◆ **Task description**:
Lines with "intro": please show every one of them from the listing below.

◆ **Available records**:
(* Let $N\in\mathbb{N}_{\ge2}$ and $\phi,B_x,B_y>0$. For any data pairs $\{(x_i,y_i)\}_{i\in[N]}\subset[-B_x,B_x]\times[-B_y,B_y]$ with $|x_i-x_j|\ge\phi$ for all $i\ne j$, there exists a ReLU FNN function $f^{(mmr)}_{FF}:\mathbb{R}\to\mathbb{R}$ with width $N-1$, depth $2$ and weight bound $\max\{1,B_x,B_y,4B_y/\phi\}$ such that $f^{(mmr)}_{FF}(x_i)=y_i$ for all $i\in[N]$. Furthermore, $|f^{(mmr)}_{FF}(x)|\le\frac{8(N-1)B_xB_y}{\phi}+B_y$ for all $x\in[-B_x,B_x]$.
   Context: ReLU FNN of depth $L$, width $W$: $f_0=x$, $f_l=\sigma_R(W_lf_{l-1}+b_l)$ ($1\le l\le L-1$), $f=W_Lf_{L-1}+b_L$ with hidden layers of width $W$, $\sigma_R(x)=\max\{x,0\}$; the weight bound is the maximum absolute value of all weights and biases. *)

theory Defs
  imports "HOL-Analysis.Analysis"
begin

definition relu :: "real \<Rightarrow> real" where
  "relu x = max x 0"

text \<open>A scalar-input, scalar-output ReLU feed-forward network of depth L and width W
  is given by weights Wt l i j (layer l, output neuron i, input neuron j) and biases bs l i.\<close>

definition layer_in :: "nat \<Rightarrow> nat \<Rightarrow> nat" where
  "layer_in W l = (if l \<le> 1 then 1 else W)"

definition layer_out :: "nat \<Rightarrow> nat \<Rightarrow> nat \<Rightarrow> nat" where
  "layer_out L W l = (if l < L then W else 1)"

fun hidden :: "(nat \<Rightarrow> nat \<Rightarrow> nat \<Rightarrow> real) \<Rightarrow> (nat \<Rightarrow> nat \<Rightarrow> real) \<Rightarrow> nat
                \<Rightarrow> real \<Rightarrow> nat \<Rightarrow> nat \<Rightarrow> real" where
  "hidden Wt bs W x 0 = (\<lambda>i. if i = 0 then x else 0)"
| "hidden Wt bs W x (Suc l) =
     (\<lambda>i. relu ((\<Sum>j<layer_in W (Suc l). Wt (Suc l) i j * hidden Wt bs W x l j) + bs (Suc l) i))"

definition fnn_eval :: "nat \<Rightarrow> nat \<Rightarrow> (nat \<Rightarrow> nat \<Rightarrow> nat \<Rightarrow> real) \<Rightarrow> (nat \<Rightarrow> nat \<Rightarrow> real)
                        \<Rightarrow> real \<Rightarrow> real" where
  "fnn_eval L W Wt bs x =
     (\<Sum>j<layer_in W L. Wt L 0 j * hidden Wt bs W x (L - 1) j) + bs L 0"

definition weights_bounded_by ::
  "nat \<Rightarrow> nat \<Rightarrow> (nat \<Rightarrow> nat \<Rightarrow> nat \<Rightarrow> real) \<Rightarrow> (nat \<Rightarrow> nat \<Rightarrow> real) \<Rightarrow> real \<Rightarrow> bool" where
  "weights_bounded_by L W Wt bs M \<longleftrightarrow>
     (\<forall>l\<in>{1..L}. \<forall>i<layer_out L W l.
        \<bar>bs l i\<bar> \<le> M \<and> (\<forall>j<layer_in W l. \<bar>Wt l i j\<bar> \<le> M))"

definition is_relu_fnn :: "nat \<Rightarrow> nat \<Rightarrow> real \<Rightarrow> (real \<Rightarrow> real) \<Rightarrow> bool" where
  "is_relu_fnn L W M f \<longleftrightarrow>
     (\<exists>Wt bs. weights_bounded_by L W Wt bs M \<and> (\<forall>x. f x = fnn_eval L W Wt bs x))"

end

theory Submission
  imports Defs
begin

text \<open>Order the data points by their abscissae. The piecewise linear interpolant
  through consecutive points has slopes bounded by \<open>2 By / \<phi>\<close>, so it can be written as
  \<open>c + \<Sum>k a\<^sub>k relu (t - p\<^sub>k)\<close> with knots \<open>p\<^sub>k\<close> at all data points but the largest and
  slope jumps \<open>|a\<^sub>k| \<le> 4 By / \<phi>\<close>. Such a sum is exactly a ReLU network of depth 2, and on
  \<open>[-Bx, Bx]\<close> each of its \<open>N - 1\<close> terms is at most \<open>(4 By / \<phi>) (2 Bx)\<close> in absolute value.\<close>

definition relu_expansion :: "nat \<Rightarrow> real \<Rightarrow> (nat \<Rightarrow> real) \<Rightarrow> (nat \<Rightarrow> real) \<Rightarrow> real \<Rightarrow> real" where
  "relu_expansion n c a p t = c + (\<Sum>k<n. a k * relu (t - p k))"

lemma relu_expansion_add_knot:
  "relu_expansion (Suc n) c (a(n := \<alpha>)) (p(n := q)) t = relu_expansion n c a p t + \<alpha> * relu (t - q)"
  unfolding relu_expansion_def by (simp add: sum.lessThan_Suc)

lemma relu_expansion_right_of_knots:
  assumes "\<And>k. k < n \<Longrightarrow> p k \<le> u" and "u \<le> t"
  shows "relu_expansion n c a p t = relu_expansion n c a p u + (\<Sum>k<n. a k) * (t - u)"
proof -
  have relu_shift: "relu (t - p k) = relu (u - p k) + (t - u)" if "k < n" for k
    using assms(1)[OF that] assms(2) by (simp add: relu_def)
  have "(\<Sum>k<n. a k * relu (t - p k)) = (\<Sum>k<n. a k * relu (u - p k) + a k * (t - u))"
    by (intro sum.cong refl) (simp add: relu_shift distrib_left)
  then show ?thesis
    unfolding relu_expansion_def by (simp add: sum.distrib sum_distrib_right)
qed

lemma abs_relu_expansion_le:
  assumes "\<bar>c\<bar> \<le> C" and "\<And>k. k < n \<Longrightarrow> \<bar>a k\<bar> \<le> A \<and> \<bar>p k\<bar> \<le> B" and "\<bar>t\<bar> \<le> B"
  shows "\<bar>relu_expansion n c a p t\<bar> \<le> C + real n * (A * (2 * B))"
proof -
  have "\<bar>a k * relu (t - p k)\<bar> \<le> A * (2 * B)" if "k < n" for k
  proof -
    have "\<bar>relu (t - p k)\<bar> \<le> 2 * B" using assms(2)[OF that] assms(3) by (auto simp: relu_def)
    then show ?thesis unfolding abs_mult using assms(2)[OF that] by (intro mult_mono) auto
  qed
  then have "(\<Sum>k<n. \<bar>a k * relu (t - p k)\<bar>) \<le> (\<Sum>k<n. A * (2 * B))"
    by (intro sum_mono) simp
  moreover have "\<bar>relu_expansion n c a p t\<bar> \<le> \<bar>c\<bar> + (\<Sum>k<n. \<bar>a k * relu (t - p k)\<bar>)"
    unfolding relu_expansion_def by (rule order_trans[OF abs_triangle_ineq add_left_mono[OF sum_abs]])
  ultimately show ?thesis using assms(1) by simp
qed

lemma is_relu_fnn_relu_expansion:
  assumes "1 \<le> M" and "\<bar>c\<bar> \<le> M" and "\<And>k. k < n \<Longrightarrow> \<bar>a k\<bar> \<le> M \<and> \<bar>p k\<bar> \<le> M"
  shows "is_relu_fnn 2 n M (relu_expansion n c a p)"
proof -
  define Wt where "Wt = (\<lambda>l (i::nat) (j::nat). if l = (1::nat) then 1 else a j)"
  define bs where "bs = (\<lambda>l (i::nat). if l = (1::nat) then - p i else c)"
  have "fnn_eval 2 n Wt bs t = relu_expansion n c a p t" for t
    unfolding fnn_eval_def relu_expansion_def Wt_def bs_def
    by (simp add: layer_in_def numeral_2_eq_2 add.commute)
  moreover have "weights_bounded_by 2 n Wt bs M"
    unfolding weights_bounded_by_def layer_out_def layer_in_def Wt_def bs_def
    using assms by (auto simp: numeral_2_eq_2 le_Suc_eq)
  ultimately show ?thesis unfolding is_relu_fnn_def by metis
qed

lemma relu_expansion_append_segment:
  fixes n :: nat and a p :: "nat \<Rightarrow> real" and c xl xr yl yr :: real
  defines "a' \<equiv> a(n := (yr - yl) / (xr - xl) - (\<Sum>k<n. a k))"
  assumes knots: "\<And>k. k < n \<Longrightarrow> p k \<le> xl" and "xl < xr"
    and at_xl: "relu_expansion n c a p xl = yl"
  shows "relu_expansion (Suc n) c a' (p(n := xl)) xr = yr"
    and "\<And>t. t \<le> xl \<Longrightarrow> relu_expansion (Suc n) c a' (p(n := xl)) t = relu_expansion n c a p t"
    and "(\<Sum>k<Suc n. a' k) = (yr - yl) / (xr - xl)"
proof -
  define s where "s = (\<Sum>k<n. a k)"
  have "relu_expansion n c a p xr = yl + s * (xr - xl)"
    unfolding s_def at_xl[symmetric] using \<open>xl < xr\<close>
    by (intro relu_expansion_right_of_knots knots) auto
  then have "relu_expansion (Suc n) c a' (p(n := xl)) xr
      = yl + s * (xr - xl) + ((yr - yl) / (xr - xl) - s) * (xr - xl)"
    unfolding a'_def s_def relu_expansion_add_knot using \<open>xl < xr\<close> by (simp add: relu_def)
  also have "\<dots> = yl + (yr - yl) / (xr - xl) * (xr - xl)" by (simp add: left_diff_distrib)
  also have "\<dots> = yr" using \<open>xl < xr\<close> by simp
  finally show "relu_expansion (Suc n) c a' (p(n := xl)) xr = yr" .
  show "relu_expansion (Suc n) c a' (p(n := xl)) t = relu_expansion n c a p t" if "t \<le> xl" for t
    unfolding a'_def relu_expansion_add_knot using that by (simp add: relu_def)
  show "(\<Sum>k<Suc n. a' k) = (yr - yl) / (xr - xl)"
    unfolding a'_def by (simp add: sum.lessThan_Suc)
qed

lemma abs_difference_quotient_le:
  fixes y0 y1 d \<phi> B :: real
  assumes "\<bar>y0\<bar> \<le> B" and "\<bar>y1\<bar> \<le> B" and "0 < \<phi>" and "\<phi> \<le> d"
  shows "\<bar>(y1 - y0) / d\<bar> \<le> 2 * B / \<phi>"
proof -
  have "\<bar>(y1 - y0) / d\<bar> = \<bar>y1 - y0\<bar> / d"
    using assms(3,4) by (simp add: abs_divide)
  also have "\<dots> \<le> 2 * B / d"
    using assms by (intro divide_right_mono) auto
  also have "\<dots> \<le> 2 * B / \<phi>"
    using assms by (intro divide_left_mono) auto
  finally show ?thesis .
qed

lemma obtain_arg_max_finite:
  fixes f :: "'a \<Rightarrow> 'b::linorder"
  assumes "finite I" and "I \<noteq> {}"
  obtains i where "i \<in> I" and "\<And>k. k \<in> I \<Longrightarrow> f k \<le> f i"
proof -
  have "Max (f ` I) \<in> f ` I" using assms by simp
  then obtain i where "i \<in> I" and "f i = Max (f ` I)" by auto
  with assms that show ?thesis by simp
qed

text \<open>Points are added from the right. Bounding the final slope \<open>\<Sum>k a\<^sub>k\<close> by \<open>2 B / \<phi>\<close>
  is the invariant that keeps each new coefficient, a difference of two slopes, below \<open>4 B / \<phi>\<close>.\<close>

lemma relu_expansion_interpolates:
  fixes x y :: "nat \<Rightarrow> real"
  assumes "finite I" and "card I = Suc n" and "\<phi> > 0"
    and "\<And>i. i \<in> I \<Longrightarrow> \<bar>y i\<bar> \<le> B"
    and "\<And>i j. i \<in> I \<Longrightarrow> j \<in> I \<Longrightarrow> i \<noteq> j \<Longrightarrow> \<bar>x i - x j\<bar> \<ge> \<phi>"
  shows "\<exists>c a p. \<bar>c\<bar> \<le> B \<and> (\<forall>k<n. \<bar>a k\<bar> \<le> 4 * B / \<phi> \<and> p k \<in> x ` I)
           \<and> (\<forall>i\<in>I. relu_expansion n c a p (x i) = y i) \<and> \<bar>\<Sum>k<n. a k\<bar> \<le> 2 * B / \<phi>"
  using assms(1,2,4,5)
proof (induction n arbitrary: I)
  case 0
  then obtain i where "I = {i}" by (auto simp: card_Suc_eq)
  with 0 assms(3) show ?case
    by (intro exI[of _ "y i"] exI[of _ "\<lambda>_. 0"]) (auto simp: relu_expansion_def)
next
  case (Suc n)
  have "I \<noteq> {}" using Suc.prems(2) by auto
  then obtain i where i: "i \<in> I" and right_of_i: "\<And>k. k \<in> I \<Longrightarrow> x k \<le> x i"
    using obtain_arg_max_finite[OF Suc.prems(1), of x] by blast
  define J where "J = I - {i}"
  have J: "finite J" "card J = Suc n"
    using Suc.prems(1,2) i unfolding J_def by auto
  have "\<And>k. k \<in> J \<Longrightarrow> \<bar>y k\<bar> \<le> B"
    and "\<And>k l. k \<in> J \<Longrightarrow> l \<in> J \<Longrightarrow> k \<noteq> l \<Longrightarrow> \<bar>x k - x l\<bar> \<ge> \<phi>"
    using Suc.prems(3,4) unfolding J_def by auto
  then obtain c a p where c: "\<bar>c\<bar> \<le> B"
    and ap: "\<forall>k<n. \<bar>a k\<bar> \<le> 4 * B / \<phi> \<and> p k \<in> x ` J"
    and interp: "\<forall>i\<in>J. relu_expansion n c a p (x i) = y i"
    and slope: "\<bar>\<Sum>k<n. a k\<bar> \<le> 2 * B / \<phi>"
    using Suc.IH[OF J] by blast
  have "J \<noteq> {}" using J(2) by auto
  then obtain j where j: "j \<in> J" and left_of_j: "\<And>k. k \<in> J \<Longrightarrow> x k \<le> x j"
    using obtain_arg_max_finite[OF J(1), of x] by blast
  have "j \<in> I" "j \<noteq> i" using j unfolding J_def by auto
  then have gap: "x i - x j \<ge> \<phi>"
    using Suc.prems(4)[OF i \<open>j \<in> I\<close>] right_of_i[OF \<open>j \<in> I\<close>] by auto
  define \<sigma> where "\<sigma> = (y i - y j) / (x i - x j)"
  define a' where "a' = a(n := \<sigma> - (\<Sum>k<n. a k))"
  define p' where "p' = p(n := x j)"
  have knots_left: "p k \<le> x j" if "k < n" for k
    using ap left_of_j that by auto
  have "x j < x i" using gap assms(3) by linarith
  have at_xj: "relu_expansion n c a p (x j) = y j" using interp j by blast
  note segment = relu_expansion_append_segment[where yr = "y i",
      OF knots_left \<open>x j < x i\<close> at_xj, folded \<sigma>_def, folded a'_def p'_def]
  have \<sigma>_le: "\<bar>\<sigma>\<bar> \<le> 2 * B / \<phi>"
    unfolding \<sigma>_def using Suc.prems(3) i \<open>j \<in> I\<close> assms(3) gap
    by (intro abs_difference_quotient_le) auto
  have "\<bar>\<sigma> - (\<Sum>k<n. a k)\<bar> \<le> \<bar>\<sigma>\<bar> + \<bar>\<Sum>k<n. a k\<bar>" by (rule abs_triangle_ineq4)
  also have "\<dots> \<le> 2 * B / \<phi> + 2 * B / \<phi>" using \<sigma>_le slope by (rule add_mono)
  also have "\<dots> = 4 * B / \<phi>" by (simp flip: add_divide_distrib)
  finally have new_coeff: "\<bar>\<sigma> - (\<Sum>k<n. a k)\<bar> \<le> 4 * B / \<phi>" .
  have "relu_expansion (Suc n) c a' p' (x k) = y k" if "k \<in> I" for k
  proof (cases "k = i")
    case True
    then show ?thesis using segment(1) by simp
  next
    case False
    then have "k \<in> J" using that unfolding J_def by auto
    then show ?thesis using segment(2) interp left_of_j by simp
  qed
  moreover have "\<forall>k<Suc n. \<bar>a' k\<bar> \<le> 4 * B / \<phi> \<and> p' k \<in> x ` I"
    using ap new_coeff \<open>j \<in> I\<close> unfolding a'_def p'_def J_def by (auto simp: less_Suc_eq)
  moreover have "\<bar>\<Sum>k<Suc n. a' k\<bar> \<le> 2 * B / \<phi>"
    using segment(3) \<sigma>_le by simp
  ultimately show ?case using c by blast
qed

theorem lemma15:
  fixes N :: nat and \<phi> Bx By :: real and x y :: "nat \<Rightarrow> real"
  assumes "N \<ge> 2" and "\<phi> > 0" and "Bx > 0" and "By > 0"
    and "\<And>i. i < N \<Longrightarrow> x i \<in> {-Bx..Bx} \<and> y i \<in> {-By..By}"
    and "\<And>i j. i < N \<Longrightarrow> j < N \<Longrightarrow> i \<noteq> j \<Longrightarrow> \<bar>x i - x j\<bar> \<ge> \<phi>"
  shows "\<exists>f. is_relu_fnn 2 (N - 1) (Max {1, Bx, By, 4 * By / \<phi>}) f
           \<and> (\<forall>i<N. f (x i) = y i)
           \<and> (\<forall>t\<in>{-Bx..Bx}. \<bar>f t\<bar> \<le> 8 * real (N - 1) * Bx * By / \<phi> + By)"
proof -
  have "card {..<N} = Suc (N - 1)" using assms(1) by simp
  moreover have "\<bar>y i\<bar> \<le> By" if "i \<in> {..<N}" for i
    using assms(5)[of i] that by (simp add: abs_le_iff)
  ultimately obtain c a p where c: "\<bar>c\<bar> \<le> By"
    and ap: "\<forall>k<N - 1. \<bar>a k\<bar> \<le> 4 * By / \<phi> \<and> p k \<in> x ` {..<N}"
    and interp: "\<forall>i\<in>{..<N}. relu_expansion (N - 1) c a p (x i) = y i"
    using relu_expansion_interpolates[of "{..<N}" "N - 1" \<phi> y By x] assms(2,6) by auto
  have knots: "\<bar>p k\<bar> \<le> Bx" if "k < N - 1" for k
    using ap assms(5) that by fastforce
  let ?M = "Max {1, Bx, By, 4 * By / \<phi>}"
  have "is_relu_fnn 2 (N - 1) ?M (relu_expansion (N - 1) c a p)"
    using c ap knots by (intro is_relu_fnn_relu_expansion) force+
  moreover have "\<bar>relu_expansion (N - 1) c a p t\<bar> \<le> 8 * real (N - 1) * Bx * By / \<phi> + By"
    if "t \<in> {-Bx..Bx}" for t
    using abs_relu_expansion_le[OF c, of "N - 1" a "4 * By / \<phi>" p Bx t] ap knots that
    by (simp add: abs_le_iff algebra_simps)
  ultimately show ?thesis using interp by blast
qed

end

◆ **Solution below**:
    by (intro sum.cong refl) (simp add: relu_shift distrib_left)
    then show ?thesis unfolding abs_mult using assms(2)[OF that] by (intro mult_mono) auto
    by (intro sum_mono) simp
    by (intro relu_expansion_right_of_knots knots) auto
    using assms by (intro divide_right_mono) auto
    using assms by (intro divide_left_mono) auto
    by (intro exI[of _ "y i"] exI[of _ "\<lambda>_. 0"]) (auto simp: relu_expansion_def)
    by (intro abs_difference_quotient_le) auto
    using c ap knots by (intro is_relu_fnn_relu_expansion) force+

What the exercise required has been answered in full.